▶ **THE TASK**
Go through the material below, find each line with the word "have", and copy those lines.

▶ **AVAILABLE DATA**
+++++
lemma lyapunov_has_derivative:
  assumes "t0 \<le> t"
  shows "(lyapunov has_real_derivative - (1/2) * disagreement t) (at t within {t0..})"
proof -
  have "((\<lambda>t. huber (s i) (x t i)) has_real_derivative y t i * u t i) (at t within {t0..})" for i
    by (rule DERIV_chain2[OF has_real_derivative_huber[OF s_nonneg] x_has_derivative[OF assms]])
  then have "(lyapunov has_real_derivative (\<Sum>i\<in>UNIV. p i * (y t i * u t i))) (at t within {t0..})"
    unfolding lyapunov_def[abs_def] by (intro DERIV_sum DERIV_cmult)
  moreover have "(\<Sum>i\<in>UNIV. p i * (y t i * u t i)) = - (1/2) * disagreement t"
    unfolding disagreement_def by (rule laplacian_left_kernel_dissipation[OF p_left])
  ultimately show ?thesis by simp
qed

lemma disagreement_ge_edge: "p i * \<alpha> i j * (y t i - y t j)\<^sup>2 \<le> disagreement t"
proof -
  have terms_nonneg: "0 \<le> p i * \<alpha> i j * (y t i - y t j)\<^sup>2" for i j
    using nonneg p_pos[of i] by simp
  have "p i * \<alpha> i j * (y t i - y t j)\<^sup>2 \<le> (\<Sum>j\<in>UNIV. p i * \<alpha> i j * (y t i - y t j)\<^sup>2)"
    by (rule member_le_sum) (simp_all add: terms_nonneg)
  also have "\<dots> \<le> disagreement t"
    unfolding disagreement_def
    by (rule member_le_sum[of i UNIV "\<lambda>i. \<Sum>j\<in>UNIV. p i * \<alpha> i j * (y t i - y t j)\<^sup>2"])
      (simp_all add: sum_nonneg terms_nonneg)
  finally show ?thesis .
qed

lemma output_diff_tendsto_zero_edge:
  assumes "0 < \<alpha> i j"
  shows "((\<lambda>t. y t i - y t j) \<longlongrightarrow> 0) at_top"
proof (rule tendsto_zero_if_dissipated[OF lyapunov_has_derivative])
  show "0 < p i * \<alpha> i j / 2" using assms p_pos[of i] by simp
  show "- (1/2) * disagreement t \<le> - (p i * \<alpha> i j / 2 * (y t i - y t j)\<^sup>2)" for t
    using disagreement_ge_edge[of i j t] by simp
  show "\<bar>(y b i - y b j) - (y a i - y a j)\<bar> \<le> (rate_bound i + rate_bound j) * \<bar>b - a\<bar>"
    if "t0 \<le> a" "t0 \<le> b" for a b
    using y_lipschitz[OF that, of i] y_lipschitz[OF that, of j] by (simp add: algebra_simps)
qed (simp_all add: lyapunov_nonneg)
+++++
▶ **SOLUTION TO THE EXERCISE**
  have "((\<lambda>t. huber (s i) (x t i)) has_real_derivative y t i * u t i) (at t within {t0..})" for i
  then have "(lyapunov has_real_derivative (\<Sum>i\<in>UNIV. p i * (y t i * u t i))) (at t within {t0..})"
  moreover have "(\<Sum>i\<in>UNIV. p i * (y t i * u t i)) = - (1/2) * disagreement t"
  have terms_nonneg: "0 \<le> p i * \<alpha> i j * (y t i - y t j)\<^sup>2" for i j
  have "p i * \<alpha> i j * (y t i - y t j)\<^sup>2 \<le> (\<Sum>j\<in>UNIV. p i * \<alpha> i j * (y t i - y t j)\<^sup>2)"
  also have "\<dots> \<le> disagreement t"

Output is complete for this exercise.